→ **Exercise**: List each line of the data that holds the string "intro".

→ **Dataset excerpts**:
lemma coeff_linear_power_binomial:
  "coeff ([:a, 1:] ^ n) l = of_nat (n choose l) * (a :: 'a::comm_semiring_1) ^ (n - l)"
proof (cases "l \<le> n")
  case True
  then show ?thesis by (simp add: coeff_linear_poly_power)
next
  case False
  then show ?thesis by (simp add: coeff_eq_0 degree_linear_power binomial_eq_0)
qed

lemma map_poly_const_add:
  fixes p q :: "'a::comm_ring_1 poly"
  shows "map_poly (\<lambda>c. [:c:]) (p + q) = map_poly (\<lambda>c. [:c:]) p + map_poly (\<lambda>c. [:c:]) q"
  by (rule poly_eqI) (simp add: coeff_map_poly)

lemma map_poly_const_diff:
  fixes p q :: "'a::comm_ring_1 poly"
  shows "map_poly (\<lambda>c. [:c:]) (p - q) = map_poly (\<lambda>c. [:c:]) p - map_poly (\<lambda>c. [:c:]) q"
  by (rule poly_eqI) (simp add: coeff_map_poly)

lemma map_poly_const_mult:
  fixes p q :: "'a::comm_ring_1 poly"
  shows "map_poly (\<lambda>c. [:c:]) (p * q) = map_poly (\<lambda>c. [:c:]) p * map_poly (\<lambda>c. [:c:]) q"
  by (rule poly_eqI) (simp add: coeff_map_poly coeff_mult mult.commute flip: sum_to_poly)

lemma hasse_deriv_0 [simp]: "hasse_deriv l 0 = 0"
  by (simp add: hasse_deriv_def)

lemma hasse_deriv_add: "hasse_deriv l (A + B) = hasse_deriv l A + hasse_deriv l B"
  by (simp add: hasse_deriv_def map_poly_const_add pcompose_add)
text \<open>Apply \<open>x \<cdot> d/dx\<close> to \<open>f h g = x\<^sup>n - 1\<close>: the right-hand side gives \<open>n (f h g + 1)\<close>,
  the left-hand side lies in \<open>(h, g)\<close> up to the term \<open>f h g\<close>.\<close>

lemma bezout_factors_of_cyclic:
  fixes f h g :: "'a::comm_ring_1 poly" and c :: 'a
  assumes unit: "of_nat n * c = 1"
    and fhg: "f * h * g = monom 1 n - 1"
  shows "\<exists>A B. A * h + B * g = 1"
proof -
  define X where "X = (pCons 0 1 :: 'a poly)"
  define C :: "'a poly" where "C = [:c:]"
  have "of_nat n * C = [:of_nat n * c:]"
    by (simp add: C_def of_nat_poly)
  then have NC: "of_nat n * C = 1"
    using unit by (simp add: one_pCons)
  have "monom (of_nat n) n = of_nat n * monom 1 n"
    by (simp add: of_nat_poly smult_monom)
  then have "X * formal_deriv (f * h * g) = of_nat n * (f * h * g + 1)"
    unfolding fhg X_def by (simp add: formal_deriv_diff formal_deriv_1 X_times_formal_deriv_monom)
  then have deriv_eq: "X * (f * h * formal_deriv g + g * (f * formal_deriv h + h * formal_deriv f))
      = of_nat n * (f * h * g + 1)"
    by (simp add: formal_deriv_mult)
  define A where "A = C * X * (formal_deriv f * g + f * formal_deriv g) - f * g"
  define B where "B = C * X * f * formal_deriv h"
  have "A * h + B * g
      = C * (X * (f * h * formal_deriv g + g * (f * formal_deriv h + h * formal_deriv f))) - f * h * g"
    unfolding A_def B_def by (simp add: algebra_simps)
  also have "\<dots> = (of_nat n * C) * (f * h * g + 1) - f * h * g"
    by (simp only: deriv_eq) (simp add: algebra_simps)
  also have "\<dots> = 1"
    by (simp add: NC)
  finally show ?thesis
    by blast
qed

lemma cyc_red_eq_sum_atMost:
  assumes "degree p \<le> N"
  shows "cyc_red n p = (\<Sum>j\<le>N. monom (coeff p j) (j mod n))"
  unfolding cyc_red_def
  by (rule sum.mono_neutral_left) (use assms in \<open>auto simp: coeff_eq_0\<close>)

lemma cyc_red_add: "cyc_red n (p + q) = cyc_red n p + cyc_red n q"
proof -
  define N where "N = max (degree p) (degree q)"
  have "degree (p + q) \<le> N" "degree p \<le> N" "degree q \<le> N"
    using degree_add_le_max[of p q] by (auto simp: N_def)
  then show ?thesis
    by (simp add: cyc_red_eq_sum_atMost[where N = N] sum.distrib add_monom[symmetric])
qed

lemma cyc_red_0: "cyc_red n 0 = 0"
  by (simp add: cyc_red_def)

lemma cyc_red_diff: "cyc_red n (p - q) = cyc_red n p - cyc_red n q"
  by (metis add_diff_cancel cyc_red_add diff_add_cancel)

lemma cyc_red_sum: "cyc_red n (sum F A) = (\<Sum>i\<in>A. cyc_red n (F i))"
  by (induct A rule: infinite_finite_induct) (auto simp: cyc_red_0 cyc_red_add)

lemma cyc_red_monom: "cyc_red n (monom c k) = monom c (k mod n)"
proof -
  have "cyc_red n (monom c k) = (\<Sum>j\<le>k. monom (coeff (monom c k) j) (j mod n))"
    by (rule cyc_red_eq_sum_atMost) (simp add: degree_monom_le)
  also have "\<dots> = monom c (k mod n)"
    by (subst sum.remove[of _ k]) (auto intro!: sum.neutral)
  finally show ?thesis .
qed

lemma cyc_red_mult_cyclic: "cyc_red n (p * (monom 1 n - 1)) = 0"
proof -
  have "p * (monom 1 n - 1) = (\<Sum>i\<le>degree p. monom (coeff p i) (i + n) - monom (coeff p i) i)"
    by (subst (1) poly_as_sum_of_monoms[symmetric])
      (simp add: sum_distrib_right sum_distrib_left algebra_simps mult_monom sum_subtractf)
  then show ?thesis
    by (simp add: cyc_red_sum cyc_red_diff cyc_red_monom)
qed

lemma cyc_red_add_mult_cyclic: "cyc_red n (p + k * (monom 1 n - 1)) = cyc_red n p"
  by (simp add: cyc_red_add cyc_red_mult_cyclic)

definition lin_span :: "(2 poly \<times> 4 poly) list \<Rightarrow> (2 poly \<times> 4 poly) set" where
  "lin_span gs =
     {(\<Sum>i<length gs. mod2 (ps i) * fst (gs ! i), \<Sum>i<length gs. ps i * snd (gs ! i)) | ps. True}"

lemma gen_code_eq_image_lin_span:
  "gen_code \<alpha> \<beta> gs = map_prod (cyc_red \<alpha>) (cyc_red \<beta>) ` lin_span gs"
  unfolding gen_code_def lin_span_def by auto

lemma zero_in_lin_span: "(0, 0) \<in> lin_span gs"
  unfolding lin_span_def by (rule CollectI, rule exI[of _ "\<lambda>_. 0"]) (simp add: mod2_eq_map_poly)

lemma nth_in_lin_span:
  assumes "j < length gs"
  shows "gs ! j \<in> lin_span gs"
proof -
  let ?ps = "\<lambda>i. if i = j then 1 else 0 :: 4 poly"
  have "mod2 (?ps i) * u = (if i = j then u else 0)" "?ps i * v = (if i = j then v else 0)" for i u v
    by (simp_all add: mod2_eq_map_poly red2_1)
  then show ?thesis
    unfolding lin_span_def using assms
    by (intro CollectI exI[of _ ?ps]) simp
qed
lemma nn_integral_lrp_kernel_outside_ball_le:
  fixes u :: "'a::euclidean_space" and W :: "'a set" and \<beta> t R :: real
  assumes \<beta>: "0 < \<beta>" and t: "0 \<le> t" "t < 1" and R: "0 < R"
    and u: "norm u \<le> t * R" and W: "W \<subseteq> - ball 0 R"
  shows "(\<integral>\<^sup>+ v. ennreal (\<beta> * norm (u - v) powr (-2 * real DIM('a))) * indicator W v \<partial>lborel)
    \<le> ennreal (\<beta> * (1 - t) powr (-2 * real DIM('a)) * (unit_ball_vol (real DIM('a)) * 2^(DIM('a) + 1) / R^DIM('a)))"
proof -
  define c where "c = \<beta> * (1 - t) powr (-2 * real DIM('a))"
  define T where "T = unit_ball_vol (real DIM('a)) * 2^(DIM('a) + 1) / R^DIM('a)"
  have c0: "0 \<le> c" unfolding c_def using \<beta> by simp
  have pointwise: "ennreal (\<beta> * norm (u - v) powr (-2 * real DIM('a))) * indicator W v
      \<le> ennreal c * (ennreal (norm v powr (-2 * real DIM('a))) * indicator (- ball 0 R) v)" for v
  proof (cases "v \<in> W")
    case True
    then have v: "R \<le> norm v" using W by auto
    have "norm v - norm u \<le> norm (u - v)" by (metis norm_minus_commute norm_triangle_ineq2)
    moreover have "t * R \<le> t * norm v" using t v by (simp add: mult_left_mono)
    ultimately have le: "(1 - t) * norm v \<le> norm (u - v)" using u by (simp add: algebra_simps)
    have pos: "0 < (1 - t) * norm v" using t v R by (intro mult_pos_pos) auto
    have "norm (u - v) powr (-2 * real DIM('a)) \<le> ((1 - t) * norm v) powr (-2 * real DIM('a))"
      by (rule powr_mono2') (use le pos in auto)
    also have "\<dots> = (1 - t) powr (-2 * real DIM('a)) * norm v powr (-2 * real DIM('a))"
      using t by (simp add: powr_mult)
    finally have "\<beta> * norm (u - v) powr (-2 * real DIM('a)) \<le> c * norm v powr (-2 * real DIM('a))"
      unfolding c_def using \<beta> by (simp add: mult.assoc)
    then show ?thesis using True v c0 by (simp add: ennreal_mult[symmetric] ennreal_leI)
  qed simp
  have "(\<integral>\<^sup>+ v. ennreal (\<beta> * norm (u - v) powr (-2 * real DIM('a))) * indicator W v \<partial>lborel)
      \<le> (\<integral>\<^sup>+ v. ennreal c * (ennreal (norm (v::'a) powr (-2 * real DIM('a))) * indicator (- ball 0 R) v) \<partial>lborel)"
    by (rule nn_integral_mono) (rule pointwise)
  also have "\<dots> = ennreal c * (\<integral>\<^sup>+ v. ennreal (norm (v::'a) powr (-2 * real DIM('a))) * indicator (- ball 0 R) v \<partial>lborel)"
    by (rule nn_integral_cmult) measurable
  also have "\<dots> \<le> ennreal c * ennreal T"
    unfolding T_def by (rule mult_left_mono[OF nn_integral_norm_powr_outside_ball_le[OF R]]) simp
  also have "\<dots> = ennreal (c * T)" using c0 R by (simp add: T_def ennreal_mult[symmetric])
  finally show ?thesis unfolding c_def T_def .
qed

→ **Result of this exercise**:
    by (subst sum.remove[of _ k]) (auto intro!: sum.neutral)
    by (intro CollectI exI[of _ ?ps]) simp
    have pos: "0 < (1 - t) * norm v" using t v R by (intro mult_pos_pos) auto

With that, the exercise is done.